With his face filled with bafflement, he stared at my soul, the deafening silence and burning pain as each second passed struck us deeply. I gritted my lip with bitterness as I caught his reddened eyes shift into an intense gaze, realization hitting him directly.

"L-lee... Ji Hyo?"

Gulping and speechlessly looking at me, his hands loosened around my shoulders. I flinched as he stepped back. I made a whimper while staring at him, my eyes telling him to leave yet my heart wanted to crash him against my chest and beg him to stay.

"Y-yes. This is me. How could you not recognize me when we first met again?!"

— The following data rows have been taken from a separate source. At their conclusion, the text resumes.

(* For every positive integer $t$ and every graph $G$ with $\alpha(G)\leq 2$ which does not have $K_t$ as an odd minor, we have $\chi(G)\leq \lceil \frac32(t-1)\rceil$.
   Context: All graphs are finite and simple; $\alpha(G)$ is the independence number and $\chi(G)$ the chromatic number. A graph $G$ has $K_t$ as an odd minor if there exist vertex-disjoint trees $T_1,\dots,T_t\subseteq G$ and functions $\chi_i:V(T_i)\to\{\text{black},\text{white}\}$ such that (i) for every $i$, $\chi_i$ is a proper $2$-coloring of $T_i$, and (ii) for all $i\neq j$ there are vertices $x_i\in V(T_i)$, $x_j\in V(T_j)$ with $\{x_i,x_j\}\in E(G)$ and $\chi_i(x_i)=\chi_j(x_j)$. *)

theory Defs
  imports Complex_Main
begin

definition simple_graph :: "'a set \<Rightarrow> 'a set set \<Rightarrow> bool" where
  "simple_graph V E \<longleftrightarrow> finite V \<and>
     (\<forall>e\<in>E. \<exists>u v. u \<noteq> v \<and> e = {u, v} \<and> u \<in> V \<and> v \<in> V)"

definition independent_set :: "'a set \<Rightarrow> 'a set set \<Rightarrow> 'a set \<Rightarrow> bool" where
  "independent_set V E S \<longleftrightarrow> S \<subseteq> V \<and> (\<forall>u\<in>S. \<forall>v\<in>S. {u, v} \<notin> E)"

definition independence_number :: "'a set \<Rightarrow> 'a set set \<Rightarrow> nat" where
  "independence_number V E = Max (card ` {S. independent_set V E S})"

definition proper_colouring :: "'a set \<Rightarrow> 'a set set \<Rightarrow> nat \<Rightarrow> ('a \<Rightarrow> nat) \<Rightarrow> bool" where
  "proper_colouring V E k c \<longleftrightarrow> (\<forall>v\<in>V. c v < k) \<and>
     (\<forall>u\<in>V. \<forall>v\<in>V. {u, v} \<in> E \<longrightarrow> c u \<noteq> c v)"

definition chromatic_number :: "'a set \<Rightarrow> 'a set set \<Rightarrow> nat" where
  "chromatic_number V E = (LEAST k. \<exists>c. proper_colouring V E k c)"

definition connected_graph :: "'a set \<Rightarrow> 'a set set \<Rightarrow> bool" where
  "connected_graph VT ET \<longleftrightarrow> VT \<noteq> {} \<and>
     (\<forall>u\<in>VT. \<forall>v\<in>VT. (\<lambda>x y. {x, y} \<in> ET)\<^sup>*\<^sup>* u v)"

definition is_cycle :: "'a set set \<Rightarrow> 'a list \<Rightarrow> bool" where
  "is_cycle ET cs \<longleftrightarrow> length cs \<ge> 3 \<and> distinct cs \<and>
     (\<forall>i < length cs. {cs ! i, cs ! ((i + 1) mod length cs)} \<in> ET)"

definition acyclic_graph :: "'a set set \<Rightarrow> bool" where
  "acyclic_graph ET \<longleftrightarrow> \<not> (\<exists>cs. is_cycle ET cs)"

definition is_tree :: "'a set \<Rightarrow> 'a set set \<Rightarrow> bool" where
  "is_tree VT ET \<longleftrightarrow> simple_graph VT ET \<and> connected_graph VT ET \<and> acyclic_graph ET"

text \<open>G = (V,E) has K_t as an odd minor: vertex-disjoint subtrees T_i = (VT i, ET i), i < t,
  with proper 2-colourings col i (True/False = black/white), such that any two distinct
  trees are joined by an edge of G whose ends have the same colour.\<close>
definition has_odd_clique_minor :: "'a set \<Rightarrow> 'a set set \<Rightarrow> nat \<Rightarrow> bool" where
  "has_odd_clique_minor V E t \<longleftrightarrow>
     (\<exists>(VT :: nat \<Rightarrow> 'a set) (ET :: nat \<Rightarrow> 'a set set) (col :: nat \<Rightarrow> 'a \<Rightarrow> bool).
        (\<forall>i<t. is_tree (VT i) (ET i) \<and> VT i \<subseteq> V \<and> ET i \<subseteq> E \<and>
               (\<forall>x y. {x, y} \<in> ET i \<longrightarrow> col i x \<noteq> col i y)) \<and>
        (\<forall>i<t. \<forall>j<t. i \<noteq> j \<longrightarrow> VT i \<inter> VT j = {}) \<and>
        (\<forall>i<t. \<forall>j<t. i \<noteq> j \<longrightarrow>
           (\<exists>x\<in>VT i. \<exists>y\<in>VT j. {x, y} \<in> E \<and> col i x = col j y)))"

end

theory Submission
  imports Defs
begin

(* A greedy argument colours any graph with k colours while collecting a clique Q with
   2k <= |V| + |Q|: a non-adjacent pair receives a fresh colour, and a vertex adjacent to all
   remaining ones receives a fresh colour and joins Q.  It remains to find an odd K_m minor with
   3m >= |V| + |Q|.  Its branch trees are single vertices forming a clique and induced paths
   a - c - b ("seagulls") whose ends a, b get the same colour; since alpha <= 2 the ends of a
   seagull dominate the graph, so any two branch trees are joined by an edge with equally
   coloured ends.  Seagulls are taken from V - Q as long as possible; once V - Q contains none,
   V is the disjoint union of two cliques, and the largest of these two and Q supplies enough
   singletons. *)

lemma disjoint_nth_of_distinct_concat:
  "distinct (concat L) \<Longrightarrow> i < length L \<Longrightarrow> j < length L \<Longrightarrow> i \<noteq> j
   \<Longrightarrow> set (L ! i) \<inter> set (L ! j) = {}"
  by (induction L arbitrary: i j) (fastforce simp: nth_Cons split: nat.splits)+

(* A cycle passes through c only once, so the edge two steps after c misses c. *)
lemma acyclic_graph_star:
  assumes "\<forall>e\<in>ET. c \<in> e"
  shows "acyclic_graph ET"
  unfolding acyclic_graph_def
proof
  assume "\<exists>cs. is_cycle ET cs"
  then obtain cs where len: "length cs \<ge> 3" and dist: "distinct cs"
    and edge: "\<And>i. i < length cs \<Longrightarrow> {cs ! i, cs ! ((i + 1) mod length cs)} \<in> ET"
    unfolding is_cycle_def by blast
  let ?n = "length cs"
  have on_edge: "\<exists>k \<in> {i, (i + 1) mod ?n}. cs ! k = c" if "i < ?n" for i
    using assms edge[OF that] by auto
  have "0 < ?n"
    using len by linarith
  then have mod_less: "i mod ?n < ?n" for i
    by simp
  obtain p where "p \<in> {0, (0 + 1) mod ?n}" "cs ! p = c"
    using on_edge[OF \<open>0 < ?n\<close>] by blast
  then have p: "p < ?n" "cs ! p = c"
    using len by auto
  have index_c: "k = p" if "k < ?n" "cs ! k = c" for k
    using dist that p by (metis nth_eq_iff_index_eq)
  have "(p + 1) mod ?n \<noteq> p"
    using len p(1) by (cases "p + 1 < ?n") (simp_all add: mod_if)
  moreover have "(p + 2) mod ?n \<noteq> p"
    using len p(1) by (cases "p + 2 < ?n") (auto simp: mod_if)
  moreover have "((p + 1) mod ?n + 1) mod ?n = (p + 2) mod ?n"
    by (simp add: mod_Suc_eq)
  moreover obtain k where "k \<in> {(p + 1) mod ?n, ((p + 1) mod ?n + 1) mod ?n}" "cs ! k = c"
    using on_edge[OF mod_less] by blast
  ultimately show False
    using index_c mod_less by fastforce
qed

lemma is_tree_singleton: "is_tree {v} {}"
proof -
  have "acyclic_graph {}"
    by (rule acyclic_graph_star) simp
  then show ?thesis
    unfolding is_tree_def simple_graph_def connected_graph_def by simp
qed

lemma is_tree_path3:
  assumes "a \<noteq> b" "a \<noteq> c" "b \<noteq> c"
  shows "is_tree {a, c, b} {{a, c}, {c, b}}"
proof -
  let ?R = "\<lambda>x y. {x, y} \<in> {{a, c}, {c, b}}"
  have "?R\<^sup>*\<^sup>* x c" "?R\<^sup>*\<^sup>* c x" if "x \<in> {a, c, b}" for x
    using that by (auto simp: insert_commute)
  then have "connected_graph {a, c, b} {{a, c}, {c, b}}"
    unfolding connected_graph_def by (blast intro: rtranclp_trans)
  moreover have "acyclic_graph {{a, c}, {c, b}}"
    by (rule acyclic_graph_star[of _ c]) simp
  ultimately show ?thesis
    using assms unfolding is_tree_def simple_graph_def by auto
qed

lemma has_odd_clique_minor_mono:
  assumes "has_odd_clique_minor V E t" "s \<le> t"
  shows "has_odd_clique_minor V E s"
proof -
  from assms(1) obtain VT ET and col :: "nat \<Rightarrow> 'a \<Rightarrow> bool" where
    "\<forall>i<t. is_tree (VT i) (ET i) \<and> VT i \<subseteq> V \<and> ET i \<subseteq> E \<and>
       (\<forall>x y. {x, y} \<in> ET i \<longrightarrow> col i x \<noteq> col i y)"
    "\<forall>i<t. \<forall>j<t. i \<noteq> j \<longrightarrow> VT i \<inter> VT j = {}"
    "\<forall>i<t. \<forall>j<t. i \<noteq> j \<longrightarrow> (\<exists>x\<in>VT i. \<exists>y\<in>VT j. {x, y} \<in> E \<and> col i x = col j y)"
    unfolding has_odd_clique_minor_def by (elim exE conjE) assumption
  then show ?thesis
    unfolding has_odd_clique_minor_def using assms(2)
    by (intro exI[of _ VT] exI[of _ ET] exI[of _ col] conjI allI impI)
      (simp_all add: order.strict_trans2)
qed

definition clique :: "'a set \<Rightarrow> 'a set set \<Rightarrow> 'a set \<Rightarrow> bool" where
  "clique V E S \<longleftrightarrow> S \<subseteq> V \<and> (\<forall>u\<in>S. \<forall>v\<in>S. u \<noteq> v \<longrightarrow> {u, v} \<in> E)"

lemma clique_Un:
  assumes "clique W E A" "clique W E B" "\<forall>a\<in>A. \<forall>b\<in>B. {a, b} \<in> E"
  shows "clique W E (A \<union> B)"
  using assms unfolding clique_def by (auto, metis insert_commute)

lemma proper_colouring_new_class:
  assumes "proper_colouring (W - S) E k c" "independent_set W E S"
  shows "proper_colouring W E (Suc k) (\<lambda>x. if x \<in> S then k else c x)"
  using assms unfolding proper_colouring_def independent_set_def
  by (auto simp: less_Suc_eq)

definition colouring_clique_bound :: "'a set \<Rightarrow> 'a set set \<Rightarrow> bool" where
  "colouring_clique_bound W E \<longleftrightarrow>
     (\<exists>k c Q. proper_colouring W E k c \<and> clique W E Q \<and> 2 * k \<le> card W + card Q)"

lemma colouring_clique_bound_non_edge:
  assumes "colouring_clique_bound (W - {u, v}) E" "finite W" "u \<in> W" "v \<in> W" "u \<noteq> v"
    and "{u, v} \<notin> E" "{u} \<notin> E" "{v} \<notin> E"
  shows "colouring_clique_bound W E"
proof -
  obtain k c Q where IH: "proper_colouring (W - {u, v}) E k c" "clique (W - {u, v}) E Q"
    "2 * k \<le> card (W - {u, v}) + card Q"
    using assms(1) unfolding colouring_clique_bound_def by blast
  have "independent_set W E {u, v}"
    using assms(3-8) unfolding independent_set_def by (auto simp: insert_commute)
  then have "proper_colouring W E (Suc k) (\<lambda>x. if x \<in> {u, v} then k else c x)"
    by (rule proper_colouring_new_class[OF IH(1)])
  moreover have "clique W E Q"
    using IH(2) unfolding clique_def by blast
  moreover have "card (W - {u, v}) + 2 = card W"
    using assms(2-5) card_mono[OF assms(2), of "{u, v}"] by (simp add: card_Diff_subset)
  ultimately show ?thesis
    using IH(3) unfolding colouring_clique_bound_def by fastforce
qed

lemma colouring_clique_bound_universal:
  assumes "colouring_clique_bound (W - {v}) E" "finite W" "v \<in> W"
    and "\<forall>u\<in>W. u \<noteq> v \<longrightarrow> {u, v} \<in> E" "{v} \<notin> E"
  shows "colouring_clique_bound W E"
proof -
  obtain k c Q where IH: "proper_colouring (W - {v}) E k c" "clique (W - {v}) E Q"
    "2 * k \<le> card (W - {v}) + card Q"
    using assms(1) unfolding colouring_clique_bound_def by blast
  have "independent_set W E {v}"
    using assms(3,5) unfolding independent_set_def by auto
  then have "proper_colouring W E (Suc k) (\<lambda>x. if x \<in> {v} then k else c x)"
    by (rule proper_colouring_new_class[OF IH(1)])
  moreover have "clique W E (insert v Q)"
    using IH(2) assms(3,4) unfolding clique_def by (auto simp: insert_commute)
  moreover have "finite Q" "v \<notin> Q"
    using IH(2) assms(2) unfolding clique_def by (auto intro: finite_subset)
  moreover have "card (W - {v}) + 1 = card W"
    using card_Suc_Diff1[OF assms(2,3)] by simp
  ultimately show ?thesis
    using IH(3) unfolding colouring_clique_bound_def by fastforce
qed

lemma colouring_clique_bound:
  assumes "simple_graph V E" "W \<subseteq> V"
  shows "colouring_clique_bound W E"
  using assms(2)
proof (induction "card W" arbitrary: W rule: less_induct)
  case less
  have "finite W"
    using less.prems assms(1) finite_subset unfolding simple_graph_def by blast
  have no_loop: "{v} \<notin> E" for v
    using assms(1) unfolding simple_graph_def by (metis doubleton_eq_iff insert_absorb2)
  show ?case
  proof (cases "W = {}")
    case True
    then show ?thesis
      unfolding colouring_clique_bound_def proper_colouring_def clique_def by auto
  next
    case False
    then obtain v where "v \<in> W"
      by blast
    have smaller: "colouring_clique_bound (W - S) E" if "v \<in> S" for S
      using less.prems \<open>v \<in> W\<close> \<open>finite W\<close> that
      by (intro less.hyps psubset_card_mono) auto
    show ?thesis
    proof (cases "\<exists>u\<in>W. u \<noteq> v \<and> {u, v} \<notin> E")
      case True
      then obtain u where "u \<in> W" "u \<noteq> v" "{u, v} \<notin> E"
        by blast
      then show ?thesis
        using \<open>v \<in> W\<close> \<open>finite W\<close> no_loop
        by (intro colouring_clique_bound_non_edge[of W u v] smaller) auto
    next
      case False
      then show ?thesis
        using \<open>v \<in> W\<close> \<open>finite W\<close> no_loop
        by (intro colouring_clique_bound_universal[of W v] smaller) auto
    qed
  qed
qed

locale alpha_le_2_graph =
  fixes V :: "'a set" and E :: "'a set set"
  assumes simple: "simple_graph V E"
    and alpha_le_2: "independence_number V E \<le> 2"
begin

lemma finite_vertices: "finite V"
  using simple unfolding simple_graph_def by blast

lemma no_loop: "{v} \<notin> E"
  using simple unfolding simple_graph_def by (metis doubleton_eq_iff insert_absorb2)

He looked at the ground and gaped his jaw, his eyebrows furrowing and his eyes looking hurt and mad. "This... this is too much for me to take!"

"Jungko-"

He hurled himself around and left. I continued to weep. Seeing him leave, I knew our friendship already ended. It was painful to see him walking away.

^^. . .^^

Thirty minutes later, I found myself inside my apartment, sitting on the living room's floor with my eyes still swollen from crying. I knew he was shocked too. I knew he was hurt. I knew he needed time to process everything.

The following days, we never saw each other again. JK never messaged me nor asked about me. Lily said he was having a hard time trying to focus in front of the camera. He always looked sad and seemed like he was thinking about something.

Min Ho told me that blaming myself does not help. He suggested going to see JK's parents and talking to them about it. I thought he was right, so one weekend, I mustered up all my courage and found myself in front of Jungkook's house in Busan. I felt the need to say sorry to his parents. And I wanted to know more of the truth too.

I was nervous when I arrived at their doorstep. I lifted my finger to press the doorbell, but anxiety stopped me. I fought with myself, hesitating to knock on the door or leave. I just paced in front of the house, my feet unable to decide which way to follow.

Suddenly, there was a loud thunderclap, and heavy rain started to fall. I stood there, still clueless about what I should do while getting wet by the rain.

Later on, a woman who looked in her fifties came. "Who..." She examined my face before her eyes widened. "Ji Hyo-ah! Is that you?!"

I was surprised when the woman mentioned my name. "Mrs... Jeon?"

She was Jungkook's mother. She ran to me and shared the umbrella with me. Jungkook's mom looked the same after ten years. She is still beautiful and sweet.

"Why are you getting yourself wet?!" She scolded as I watched her, speechless. "You have grown so much! When did you come home? Are you alone?" She asked while looking around. "Where are your parents? Did you come alone?"

When she waited for my answer I only nodded my head. I was about to cry, but I did my best to stop it.

"Oh no, we should get inside! You need to warm yourself up or you'll get sick!" Without knowing how I felt, she opened the door and pulled me in, leading me to the living room of their house. Things got quick as she sat me there and ran to get me a towel.

"Yeobo~," she called out to her husband. "Why did you not open the door when a guest was outside?" She was back with a towel, helping me dry my hair.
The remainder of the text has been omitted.